This basic sugar cookie recipe is viral for a reason; it is easy to make using simple ingredients and the result is a soft and chewy cookie.
This simple sugar cookie is a perfect drop-style cookie. It is soft, tender and just chewy enough which adds great texture.
Recipe highlights
These easy sugar cookies need no chill time and they do not spread during baking.
For this classic sugar cookie recipe you only need some simple pantry staples and an easy icing for decorating.
These are the cut out Christmas classic cookie that everyone enjoys during the holidays.
Tips for recipe success
The key to making these sugar cookies perfect is using milk powder. This ingredient makes the dough tender and prevents it from spreading even when the dough isn't chilled.
This amazing cooking tip comes from Dan Langan in his book Bake Your Hear Out. I highly recommend his book for all things baking.
Ingredients for soft sugar cookies
- Butter: Use unsalted, softened butter.
- Egg: This recipe calls for egg yolk only.
- Vanilla extract.
- Sugar.
- All-purpose flour.
- Milk powder.
- Baking powder.
- Salt.
- Citrus zest: Lemon or orange work perfectly.
For the royal icing I used meringue powder, confectioners' sugar, water and gel colors.
Basic sugar cookie recipe
Equipment
- 1 Light color baking sheet
- 1 Offset spatula
- 1 Stand Mixer
- Cookie cutters
Ingredients
- 1 cup Unsalted butter at room temperature. 226 grams/2sticks
- 1 cup Granulated sugar 200 grams
- ⅔ cup Dry milk powder
- ¼ cup Confectioners' sugar
- 1 ½ teaspoons Baking powder
- 1 ½ teaspoons Salt
- ½ teaspoon Lemon or orange zest
- 2 Egg yolks Cold
- 1 tablespoon Vanilla extract
- 2 ¾ cups All-purpose flour 360 grams
Royal icing
- 2 teaspoons Meringue powder
- 2 Tablespoons Water Plus more as needed
- 2 cups Confectioners' sugar
- ½ teaspoon Almond extract Can substitute for vanilla extract
- Gel food coloring
Instructions
- Preheat the oven to 375°F with a rack in the center.
- In the bowl of a stand mixer with the paddle attachment, add the butter, sugar, milk powder, confectioners' sugar, lemon or orange zest and milk powder.
- Beat on medium speed for 2 minutes until the ingredients are well combined.
- Scrape the bowl with a silicone spatula. Add the egg yolk and vanilla extract. Beat on medium until combined.
- Add the flour and mix on low until just combined. Finish forming a dough ball with your hands.
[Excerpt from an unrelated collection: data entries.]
(* Let $(H,L_H)$ be a right-resolving and follower-separated labeled graph. Then $L_H$ is injective on the set $\mathcal R(L_H)$ of regular rays in $X_H$.
   Context: A labeled graph $(H,L_H)$: finite directed graph (vertices $V_H$, edges $E_H$, source/terminal maps $s_H,t_H$) without sinks or sources, labeling $L_H:E_H\to A$, edge shift $X_H$; $L_H$ acts coordinatewise, giving $L_H:X_H\to Y=L_H(X_H)$. Right-resolving: distinct edges with the same source have distinct labels. $f_H(v)=\{L_H(x): x$ a right-infinite path starting at $v\}$; follower-separated: $f_H(v)=f_H(w)$ implies $v=w$. For $x\in X_H$, $\mathbb U(x)=\{z\in X_H:\exists N\ \forall i\le N,\ z_i=x_i\}$ and similarly in $Y$; $x$ is a regular ray if $L_H$ maps $\mathbb U(x)$ onto $\mathbb U(L_H(x))$; $\mathcal R(L_H)$ is the set of regular rays. *)

theory Defs
  imports Main
begin

definition labeled_graph ::
  "'v set \<Rightarrow> 'e set \<Rightarrow> ('e \<Rightarrow> 'v) \<Rightarrow> ('e \<Rightarrow> 'v) \<Rightarrow> ('e \<Rightarrow> 'a) \<Rightarrow> bool" where
  "labeled_graph V E s t lab \<longleftrightarrow>
     finite V \<and> finite E \<and> (\<forall>e\<in>E. s e \<in> V \<and> t e \<in> V) \<and>
     (\<forall>v\<in>V. \<exists>e\<in>E. s e = v) \<and> (\<forall>v\<in>V. \<exists>e\<in>E. t e = v)"

definition edge_shift :: "'e set \<Rightarrow> ('e \<Rightarrow> 'v) \<Rightarrow> ('e \<Rightarrow> 'v) \<Rightarrow> (int \<Rightarrow> 'e) set" where
  "edge_shift E s t = {x. \<forall>i. x i \<in> E \<and> t (x i) = s (x (i + 1))}"

definition lab_map :: "('e \<Rightarrow> 'a) \<Rightarrow> (int \<Rightarrow> 'e) \<Rightarrow> (int \<Rightarrow> 'a)" where
  "lab_map lab x = (\<lambda>i. lab (x i))"

definition right_resolving :: "'e set \<Rightarrow> ('e \<Rightarrow> 'v) \<Rightarrow> ('e \<Rightarrow> 'a) \<Rightarrow> bool" where
  "right_resolving E s lab \<longleftrightarrow>
     (\<forall>e\<in>E. \<forall>e'\<in>E. e \<noteq> e' \<and> s e = s e' \<longrightarrow> lab e \<noteq> lab e')"

definition follower_set ::
  "'e set \<Rightarrow> ('e \<Rightarrow> 'v) \<Rightarrow> ('e \<Rightarrow> 'v) \<Rightarrow> ('e \<Rightarrow> 'a) \<Rightarrow> 'v \<Rightarrow> (nat \<Rightarrow> 'a) set" where
  "follower_set E s t lab v =
     {(\<lambda>n. lab (p n)) | p. (\<forall>n. p n \<in> E \<and> t (p n) = s (p (Suc n))) \<and> s (p 0) = v}"

definition follower_separated ::
  "'v set \<Rightarrow> 'e set \<Rightarrow> ('e \<Rightarrow> 'v) \<Rightarrow> ('e \<Rightarrow> 'v) \<Rightarrow> ('e \<Rightarrow> 'a) \<Rightarrow> bool" where
  "follower_separated V E s t lab \<longleftrightarrow>
     (\<forall>v\<in>V. \<forall>w\<in>V. follower_set E s t lab v = follower_set E s t lab w \<longrightarrow> v = w)"

definition left_asym :: "(int \<Rightarrow> 'b) set \<Rightarrow> (int \<Rightarrow> 'b) \<Rightarrow> (int \<Rightarrow> 'b) set" where
  "left_asym S x = {z \<in> S. \<exists>N. \<forall>i\<le>N. z i = x i}"

definition regular_rays ::
  "'e set \<Rightarrow> ('e \<Rightarrow> 'v) \<Rightarrow> ('e \<Rightarrow> 'v) \<Rightarrow> ('e \<Rightarrow> 'a) \<Rightarrow> (int \<Rightarrow> 'e) set" where
  "regular_rays E s t lab =
     {x \<in> edge_shift E s t.
        lab_map lab ` left_asym (edge_shift E s t) x
          = left_asym (lab_map lab ` edge_shift E s t) (lab_map lab x)}"

end

theory Submission
  imports Defs
begin

(* Follower separation and right-resolvingness reduce the claim to showing that two regular rays
   x, x' with the same label have the same follower set at every source vertex s(x_i).
   A path leaving s(x_i), spliced onto the left half of x, gives a point left-asymptotic to x;
   its label is left-asymptotic to L(x) = L(x'), so regularity of x' lifts it to a point
   left-asymptotic to x'.  Once the lift meets x', right-resolvingness keeps it on x' up to
   time i - 1, hence the spliced path also leaves s(x'_i). *)

lemma edge_shiftD:
  assumes "x \<in> edge_shift E s t"
  shows "x i \<in> E" and "s (x (i + 1)) = t (x i)"
  using assms unfolding edge_shift_def by auto

lemma right_resolvingD:
  assumes "right_resolving E s lab" and "e \<in> E" and "e' \<in> E"
    and "s e = s e'" and "lab e = lab e'"
  shows "e = e'"
  using assms unfolding right_resolving_def by blast

lemma right_resolving_paths_agree:
  assumes rr: "right_resolving E s lab"
    and x: "x \<in> edge_shift E s t" and y: "y \<in> edge_shift E s t"
    and start: "x N = y N"
    and labels: "\<And>j. N \<le> j \<Longrightarrow> j \<le> M \<Longrightarrow> lab (x j) = lab (y j)"
    and "N \<le> j" and "j \<le> M"
  shows "x j = y j"
  using \<open>N \<le> j\<close> \<open>j \<le> M\<close>
proof (induction j rule: int_ge_induct)
  case base
  show ?case using start .
next
  case (step i)
  then have "s (x (i + 1)) = s (y (i + 1))"
    using edge_shiftD(2)[OF x] edge_shiftD(2)[OF y] by simp
  with step show ?case
    using right_resolvingD[OF rr] edge_shiftD(1)[OF x] edge_shiftD(1)[OF y] labels by simp
qed

lemma edge_shift_follower:
  assumes "x \<in> edge_shift E s t"
  shows "(\<lambda>n. lab (x (i + int n))) \<in> follower_set E s t lab (s (x i))"
proof -
  have "\<forall>n. x (i + int n) \<in> E \<and> t (x (i + int n)) = s (x (i + int (Suc n)))"
    using edge_shiftD[OF assms] by (metis add.assoc of_nat_Suc add.commute)
  then show ?thesis unfolding follower_set_def by force
qed

definition splice :: "(int \<Rightarrow> 'e) \<Rightarrow> int \<Rightarrow> (nat \<Rightarrow> 'e) \<Rightarrow> int \<Rightarrow> 'e" where
  "splice x i p j = (if j < i then x j else p (nat (j - i)))"

lemma splice_in_edge_shift:
  assumes x: "x \<in> edge_shift E s t"
    and p: "\<forall>n. p n \<in> E \<and> t (p n) = s (p (Suc n))" and p0: "s (p 0) = s (x i)"
  shows "splice x i p \<in> edge_shift E s t"
  unfolding edge_shift_def
proof (intro CollectI allI conjI)
  fix j
  show "splice x i p j \<in> E" using edge_shiftD(1)[OF x] p by (simp add: splice_def)
  consider "j + 1 < i" | "j + 1 = i" | "i \<le> j" by linarith
  then show "t (splice x i p j) = s (splice x i p (j + 1))"
  proof cases
    case 3
    then have "nat (j + 1 - i) = Suc (nat (j - i))" by simp
    with 3 p show ?thesis by (simp add: splice_def)
  qed (use edge_shiftD(2)[OF x] p0 in \<open>auto simp: splice_def\<close>)
qed

lemma follower_set_subset_of_regular_ray:
  assumes rr: "right_resolving E s lab"
    and x: "x \<in> edge_shift E s t" and x': "x' \<in> regular_rays E s t lab"
    and same_label: "lab_map lab x = lab_map lab x'"
  shows "follower_set E s t lab (s (x i)) \<subseteq> follower_set E s t lab (s (x' i))"
proof
  fix w assume "w \<in> follower_set E s t lab (s (x i))"
  then obtain p where w: "w = (\<lambda>n. lab (p n))" and p: "\<forall>n. p n \<in> E \<and> t (p n) = s (p (Suc n))"
    and p0: "s (p 0) = s (x i)"
    unfolding follower_set_def by blast
  have x'_shift: "x' \<in> edge_shift E s t"
    and regular: "lab_map lab ` left_asym (edge_shift E s t) x'
      = left_asym (lab_map lab ` edge_shift E s t) (lab_map lab x')"
    using x' unfolding regular_rays_def by auto
  have lab_x: "lab (x j) = lab (x' j)" for j
    using same_label unfolding lab_map_def by meson
  define z where "z = splice x i p"
  have z: "z \<in> edge_shift E s t"
    unfolding z_def using splice_in_edge_shift[OF x p p0] .
  have "\<forall>k\<le>i - 1. lab_map lab z k = lab_map lab x' k"
    using lab_x by (simp add: z_def splice_def lab_map_def)
  with z have "lab_map lab z \<in> left_asym (lab_map lab ` edge_shift E s t) (lab_map lab x')"
    unfolding left_asym_def by blast
  then have "lab_map lab z \<in> lab_map lab ` left_asym (edge_shift E s t) x'"
    using regular by simp
  then obtain z' N where z': "z' \<in> edge_shift E s t" and z'_N: "\<forall>k\<le>N. z' k = x' k"
    and lab_z': "lab_map lab z' = lab_map lab z"
    unfolding left_asym_def by auto
  have lab_z'_z: "lab (z' j) = lab (z j)" for j
    using lab_z' unfolding lab_map_def by meson
  have "z' (i - 1) = x' (i - 1)"
  proof (rule right_resolving_paths_agree[OF rr z' x'_shift, of "min N (i - 1)" "i - 1"])
    show "z' (min N (i - 1)) = x' (min N (i - 1))" using z'_N by simp
  qed (auto simp: lab_z'_z lab_x z_def splice_def)
  then have "s (z' i) = s (x' i)"
    using edge_shiftD(2)[OF z', of "i - 1"] edge_shiftD(2)[OF x'_shift, of "i - 1"] by simp
  moreover have "w = (\<lambda>n. lab (z' (i + int n)))"
    unfolding w using lab_z'_z by (simp add: z_def splice_def)
  ultimately show "w \<in> follower_set E s t lab (s (x' i))"
    using edge_shift_follower[OF z'] by metis
qed

theorem lemma2p8:
  fixes V :: "'v set" and E :: "'e set" and s t :: "'e \<Rightarrow> 'v" and lab :: "'e \<Rightarrow> 'a"
  assumes "labeled_graph V E s t lab"
    and "right_resolving E s lab"
    and "follower_separated V E s t lab"
  shows "inj_on (lab_map lab) (regular_rays E s t lab)"
proof (rule inj_onI)
  fix x x' assume x: "x \<in> regular_rays E s t lab" and x': "x' \<in> regular_rays E s t lab"
    and same_label: "lab_map lab x = lab_map lab x'"
  have x_shift: "x \<in> edge_shift E s t" and x'_shift: "x' \<in> edge_shift E s t"
    using x x' unfolding regular_rays_def by auto
  show "x = x'"
  proof
    fix i
    have "follower_set E s t lab (s (x i)) = follower_set E s t lab (s (x' i))"
      using follower_set_subset_of_regular_ray[OF assms(2) x_shift x' same_label]
        follower_set_subset_of_regular_ray[OF assms(2) x'_shift x same_label[symmetric]]
      by blast
    moreover have "s (x i) \<in> V" "s (x' i) \<in> V"
      using edge_shiftD(1)[OF x_shift] edge_shiftD(1)[OF x'_shift] assms(1)
      unfolding labeled_graph_def by auto
    ultimately have "s (x i) = s (x' i)"
      using assms(3) unfolding follower_separated_def by blast
    moreover have "lab (x i) = lab (x' i)"
      using same_label unfolding lab_map_def by meson
    ultimately show "x i = x' i"
      using right_resolvingD[OF assms(2)] edge_shiftD(1)[OF x_shift] edge_shiftD(1)[OF x'_shift]
      by blast
  qed
qed

end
- Roll out the dough on 2 pieces of parchment paper. I like to roll the dough about ¼ inch thick for these cookies but you can roll it thinner for a crispier finished product.
- Cut the cookie shapes and use an offset spatula to transfer them into a baking sheet. Use a light color baking sheet (silver preferably).
- You can re roll any cookie scraps into a ball and repeat the process.
- Bake the cookies for about 9 minutes for a soft cookie and up to 12 minutes for a more snappy texture.
Royal icing
- In the bowl of a stand mixer fitted with the whisk attachment, combine all the ingredients and beat on high for 5 minutes.
- Divide the icing into small bowls and add gel food coloring of choice to each bowl.
- Add a teaspoon of water to the colored icing as needed to thin it out to the right consistency. If you add too much water, add back a tablespoon of confectioners' sugar.
- I used a small butter knife to add the icing to my cookies and spread it evenly around. You can use a pipping bag for a more detailed application.
- The consistency of the icing should be not too thick or too thin in order to have it stick to the cookies. Use a toothpick to spread the icing around the edges of the cookies.
- Decorate with Christmas sprinkles and allow the icing to set on a baking rack before storing the cookies.
- Cookies can be stored in an airtight container for up to a week.